Middenmeer proved to both pleasant and affordable. So we stayed even for four(!) nights, be it that we moved on the Tuesday to the opposite bank where it was even more comfortable than the initial mooring-spot. ‘More comfortable’ in the sense that the trees offered permanent shadow, without the need to move chairs. That’s more than welcome when one has to ‘fight’ the first heatwave of this summer.
The attentive observer might have noticed a person sitting in the shade beside our little ship. Here she is, together with her sweet young dog.
Jay & Max
In Middenmeer Jay found a playmate, a wire-haired Jack Russell terrier, named Max. Max turned out to be just a few days younger than Jay. They befriended each other immediately, without any hesitation. A detail: our last dog (1979-1989) was named… Max!
Middenmeer-town was not all that exciting. Nevertheless, next to its harbour a snack-bar was situated with the unthinkable name ‘Jan Patat’ (= John Fries). Ha! There’s presumably and obvious. This one is categorised in the obvious-league.
At long last we left Middenmeer on Thursday the 27th of June at 11:13AM. On the way we hoped to find an acceptable space – more specifically tailored to dog-needs, an accessible shore being an important one. Alas we had to continue as there was nothing acceptable to be found along the chosen course. We decided to phone Den Helder’s W.S.V. (watersportclub) ‘Onrust’ because they charge just € 1,-- per metre. The problem was the published maximum boat-length. Well, we were warmly welcomed. The harbour-master explained us where to go, too. Yippee! Unfortunately we made the mistake to take one bifurcation too early – ending up in front of a low, immovable, bridge. This picture is a view from this bridge. As this canal is too narrow to turn, we were forced to go back all the way in reverse. Easy enough. (Ahum.)
We cruised ever so slowly in reverse that afternoon, until the harbour-master appeared and advised us to call it a day and moor at the position we had reached at that moment. That was around halfway the entire length we were forced to do. Therefore this has been our position in Den Helder for two nights. We switched off the engine at 4:42PM, a pee break on the way for the dog included.
On the Friday the three of us had an extensive walk in Den Helder. There’s a lot to be seen, especially for some-one interested in the boating scene. This picture is an example of Den Helder’s atmosphere.

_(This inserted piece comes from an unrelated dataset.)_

(* Let $d\ge1$, $p\in(0,1)$, $q:=1-p$. Let $f_X$ and $f_Y$ be probability densities on $\mathbb{R}^d$ with the same bounded support, bounded below by $C_L>0$ and above by $C_U<\infty$ on the support, and H\"older continuous with parameter $\gamma\in(0,1]$. Let $X=\{X_1,\dots,X_N\}$ be i.i.d. with density $f_X$ and $Y=\{Y_1,\dots,Y_M\}$ be i.i.d. with density $f_Y$ (independent of $X$), where $M=\lfloor Nq/p\rfloor$. Let $\widehat{D_p}(X,Y)=1-|\mathcal{E}(X,Y)|\frac{N+M}{2NM}$, where $|\mathcal{E}(X,Y)|$ is the number of points $Z_i$ of $Z=X\cup Y$ whose $k$-th nearest neighbor in $Z$ belongs to the other sample. Then $$\mathrm{Var}\big[\widehat{D_p}(X,Y)\big]\le O\!\left(\frac1N\right).$$
   Context: $\widehat{D_p}$ is the $k$-nearest-neighbor (Friedman–Rafsky type) estimator of the Henze–Penrose divergence $D_p=1-\int \frac{f_X f_Y}{pf_X+qf_Y}\,dx$: in the $k$-NN graph on $Z$ each point is joined to its $k$-th nearest neighbor, and $\mathcal{E}(X,Y)$ is the set of edges joining a point of $X$ to a point of $Y$. Variance is $\mathbb{E}[\hat T^2]-\mathbb{E}[\hat T]^2$. *)

theory Defs
  imports "HOL-Probability.Probability" "HOL-Library.Landau_Symbols"
begin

While in Den Helder, we bought little flags of the provinces of Noord-Holland (on top right), Zuid-Holland (low on the left) and Utrecht (on top left). Low on the right is a, here invisible, pennon related to our winter-mooring spot, being Amersfoort’s Eemhaven. For your information, the order of importance is (1) on top right, (2) on top left, (3) low on the right and (4) low on the left. We are now in Noord-Holland, thence the position of its flag.
Den Helder was left on Saturday the 29th of June at 2:43PM, when the engine was started and we did the remaining part of the cruising-in-reverse drill. At 4:46PM the engine was switched off again – and we live, for the time being, on the Noordhollandsch Kanaal next to a village called ‘t Zand. At arrival there was no space for us. A friendly co-boater moved his boat forward. We fitted exactly in, our female driver forcing to perform a top-job.
Vlotbrug from a distance
The banks of the canal at ‘t Zand are connected by means of a ‘vlotbrug’ (float(ing)-bridge). It’s a typical type of bridge...
Vlotbrug at close range
...in this canal. One could suspect it’s cheaper to build one than a ‘normal’ one. The last video shows how it works.
A picture of our position, as seen from ‘t Zand’s vlotbrug.
Vlotbrug ‘t Zand
This video, of 66 seconds, explains how this type of bridge works. And the type of boat, a little historical tug, makes it even better to watch.
This week’s statistics.
Engine ran during 7 hours and 18 minutes (7,3 hours).
Generator this week 0 hours and 0 minutes (0,0 hours).
Weather: mostly warm, even hot – sometimes too hot.